# zasiadane i stojące



## Monisia

Zastanawiam się nad tym jak najlepiej przetłumaczyć zwrot 'imprezy zasiadane i stojące'. Fragment ten znalazłam w informacji opisującej ofertę restauracji. Jak myślicie czy 'seated and standing events' pasowałoby tutaj?

pozdrawiam
Monika


----------



## meglila

bankiet - banquet jest byc moze za bardzo wystawny? i raczej moze "party" niz "events".


----------



## Monisia

no tak - tylko moje największe wątpliwości budzi zwrot 'zasiadane i stojące' w odniesieniu do imprez oraz tłumaczenie tego na angielski.


----------



## NotNow

_Seated and standing_ sounds very awkward and unnatural, so you make want to take the liberty of translating it as _all kinds of events and banquets_.

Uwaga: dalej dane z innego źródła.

lemma centro_realization_4:
  assumes "\<alpha> + \<mu> \<ge> 2 * \<bar>a\<bar>" and "\<alpha> - \<mu> \<ge> 2 * \<bar>b\<bar>"
  shows "centro_realization a b [\<alpha>, \<mu>] (base4_mat \<alpha> \<mu> a b) hadamard4"
proof -
  have "\<bar>2 * a\<bar> \<le> \<alpha> + \<mu>" "\<bar>2 * b\<bar> \<le> \<alpha> - \<mu>" using assms by auto
  then have nn: "nonneg_mat (base4_mat \<alpha> \<mu> a b)"
    unfolding nonneg_mat_def by (auto simp: less_4_cases base4_mat_def Let_def abs_le_iff field_simps)
  have cs: "centrosymmetric (base4_mat \<alpha> \<mu> a b)"
    unfolding centrosymmetric_iff[OF base4_mat_carrier] by (auto simp: less_4_cases base4_mat_def Let_def)
  have len: "length [\<alpha>, \<mu>] = 2" by simp
  show ?thesis
    unfolding centro_realization_def len
    using base4_mat_carrier hadamard4_carrier hadamard4_orthogonal base4_mat_intertwines nn cs
    by (auto simp: less_4_cases hadamard4_def)
qed

lemma sum_lessThan_5: "(\<Sum>l<(5::nat). f l) = f 0 + f 1 + f 2 + f 3 + (f 4 :: real)"
  by (simp add: numeral_eq_Suc)

lemma less_5_cases: "(i::nat) < 5 \<longleftrightarrow> i = 0 \<or> i = 1 \<or> i = 2 \<or> i = 3 \<or> i = 4" by auto

definition drop_mid :: "nat \<Rightarrow> nat" where
  "drop_mid i = (if i < 2 then i else i - 1)"

(* base5_mat (alpha + l) mu a b rho borders base4_mat (alpha + l) mu a b with a middle row and
   column along its Perron vector; with rho from split_rotation_exists this splits the
   eigenvalue alpha + l into alpha and l. *)
definition base5_basis :: "real \<Rightarrow> real \<Rightarrow> real mat" where
  "base5_basis c s = mat 5 5 (\<lambda>(i,j). if i = 2 then [s, c, 0, 0, 0] ! j
     else if j = 0 then c/2 else if j = 1 then - s/2 else hadamard4 $$ (drop_mid i, j - 1))"

definition base5_mat :: "real \<Rightarrow> real \<Rightarrow> real \<Rightarrow> real \<Rightarrow> real \<Rightarrow> real mat" where
  "base5_mat \<alpha> \<mu> a b \<rho> = mat 5 5 (\<lambda>(i,j). if i = 2 \<or> j = 2 then (if i = j then 0 else \<rho>/2)
     else base4_mat \<alpha> \<mu> a b $$ (drop_mid i, drop_mid j))"

lemma split_rotation_exists:
  fixes \<alpha> l :: real
  assumes \<alpha>: "\<alpha> \<ge> 0" and l: "l < 0"
  shows "\<exists>c s \<rho>. c \<ge> 0 \<and> s \<ge> 0 \<and> \<rho> \<ge> 0 \<and> c*c + s*s = 1 \<and> \<rho>*c = \<alpha>*s \<and> \<rho>*s = - l*c"
proof -
  define d where "d = \<alpha> - l"
  have d: "d > 0" using \<alpha> l by (simp add: d_def)
  define c where "c = sqrt (\<alpha> / d)"
  define s where "s = sqrt (- l / d)"
  define \<rho> where "\<rho> = d * c * s"
  have c2: "d * (c*c) = \<alpha>" unfolding c_def using d \<alpha> by simp
  have s2: "d * (s*s) = - l" unfolding s_def using d l by simp
  have "d * (c*c + s*s) = d" using c2 s2 by (simp add: d_def algebra_simps)
  then have "c*c + s*s = 1" using d by simp
  moreover have "\<rho>*c = s * (d * (c*c))" and "\<rho>*s = c * (d * (s*s))"
    unfolding \<rho>_def by (simp_all add: mult_ac)
  moreover have "\<alpha> / d \<ge> 0" "- l / d \<ge> 0" using d \<alpha> l by (simp_all add: divide_nonpos_pos)
  then have "c \<ge> 0" "s \<ge> 0" unfolding c_def s_def by auto
  moreover have "\<rho> \<ge> 0" unfolding \<rho>_def using d \<open>c \<ge> 0\<close> \<open>s \<ge> 0\<close> by simp
  ultimately show ?thesis
    using c2 s2 by (metis mult.commute)
qed

lemma base5_basis_carrier: "base5_basis c s \<in> carrier_mat 5 5"
  by (simp add: base5_basis_def)

lemma base5_mat_carrier: "base5_mat \<alpha> \<mu> a b \<rho> \<in> carrier_mat 5 5"
  by (simp add: base5_mat_def)

lemma base5_basis_orthogonal:
  assumes "c*c + s*s = 1"
  shows "(base5_basis c s)\<^sup>T * base5_basis c s = 1\<^sub>m 5"
proof (rule eq_matI)
  fix i j assume "i < dim_row (1\<^sub>m 5 :: real mat)" "j < dim_col (1\<^sub>m 5 :: real mat)"
  then have "i < 5" "j < 5" by auto
  then show "((base5_basis c s)\<^sup>T * base5_basis c s) $$ (i,j) = 1\<^sub>m 5 $$ (i,j)"
    using assms by (subst index_mult_mat_sum[of _ 5 5 _ 5]) (use base5_basis_carrier in
      \<open>auto simp: sum_lessThan_5 less_5_cases base5_basis_def hadamard4_def drop_mid_def algebra_simps\<close>)
qed (use base5_basis_carrier in auto)

lemma base5_mat_intertwines:
  assumes "\<rho>*c = \<alpha>*s" and "\<rho>*s = - l*c"
  shows "base5_mat (\<alpha> + l) \<mu> a b \<rho> * base5_basis c s = base5_basis c s * diag_rot_mat a b [\<alpha>, l, \<mu>]"
    (is "?Q * ?P = ?P * ?D")
proof -
  have D: "?D \<in> carrier_mat 5 5"
    using diag_rot_mat_carrier[of a b "[\<alpha>, l, \<mu>]"] by (simp add: numeral_eq_Suc)
  show ?thesis
  proof (rule eq_matI)
    fix i j assume "i < dim_row (?P * ?D)" "j < dim_col (?P * ?D)"
    then have i: "i < 5" and j: "j < 5" using D by (auto simp: base5_basis_def)
    show "(?Q * ?P) $$ (i,j) = (?P * ?D) $$ (i,j)"
      unfolding index_mult_mat_sum[OF base5_mat_carrier base5_basis_carrier i j]
        index_mult_mat_sum[OF base5_basis_carrier D i j]
      using i j assms by (auto simp: sum_lessThan_5 less_5_cases base5_basis_def base5_mat_def hadamard4_def
          base4_mat_def drop_mid_def diag_rot_mat_Cons_index rot_mat_def field_simps)
  qed (use D in \<open>auto simp: base5_basis_def base5_mat_def\<close>)
qed

lemma centro_realization_5:
  assumes \<alpha>: "\<alpha> \<ge> 0" and l: "l < 0"
    and "\<alpha> + l + \<mu> \<ge> 2 * \<bar>a\<bar>" and "\<alpha> + l - \<mu> \<ge> 2 * \<bar>b\<bar>"
  shows "\<exists>Q P. centro_realization a b [\<alpha>, l, \<mu>] Q P"
proof -
  obtain c s \<rho> where c: "c \<ge> 0" and s: "s \<ge> 0" and \<rho>: "\<rho> \<ge> 0" and cs: "c*c + s*s = 1"
    and e: "\<rho>*c = \<alpha>*s" "\<rho>*s = - l*c"
    using split_rotation_exists[OF \<alpha> l] by blast
  let ?Q = "base5_mat (\<alpha> + l) \<mu> a b \<rho>"
  have "\<bar>2 * a\<bar> \<le> \<alpha> + l + \<mu>" "\<bar>2 * b\<bar> \<le> \<alpha> + l - \<mu>" using assms by auto
  then have nn: "nonneg_mat ?Q"
    using \<rho> unfolding nonneg_mat_def
    by (auto simp: less_5_cases base5_mat_def base4_mat_def drop_mid_def Let_def abs_le_iff field_simps)
  have cQ: "centrosymmetric ?Q"
    unfolding centrosymmetric_iff[OF base5_mat_carrier]
    by (auto simp: less_5_cases base5_mat_def base4_mat_def drop_mid_def Let_def)
  have len: "length [\<alpha>, l, \<mu>] = 3" by simp
  have "centro_realization a b [\<alpha>, l, \<mu>] ?Q (base5_basis c s)"
    unfolding centro_realization_def len
    using base5_mat_carrier base5_basis_carrier base5_basis_orthogonal[OF cs] base5_mat_intertwines[OF e]
      nn cQ c s
    by (auto simp: less_5_cases base5_basis_def hadamard4_def drop_mid_def)
  then show ?thesis by blast
qed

Because receptions usually involve a fair amount of standing, you may want to say _events and receptions_.


----------



## robin74

NotNow said:


> _Seated and standing_ sounds very awkward and unnatural


I would say that so does "zasiadane i stojące" in Polish


----------



## bg1

W Kanadzie i jak domyślam w USA używa się słów: "Buffet" (stojące) i "sit-down party" (zasiadane) albo "seated party" albo najczęściej "party" bez określenia sit-down lub seated (w przypadku zasiadanych imprez).


----------



## Thomas1

robin74 said:


> I would say that so does "zasiadane i stojące" in Polish


I think it depends. People who work in catering industry use these quite often, I gather they consider them natural.


----------



## Monisia

wiem, że po polsku brzmi to trochę dziwnie ale wiem też, że w żargonie używa się tego, bo ważne jest czy goście będą siedzieć czy stać na imprezie.


----------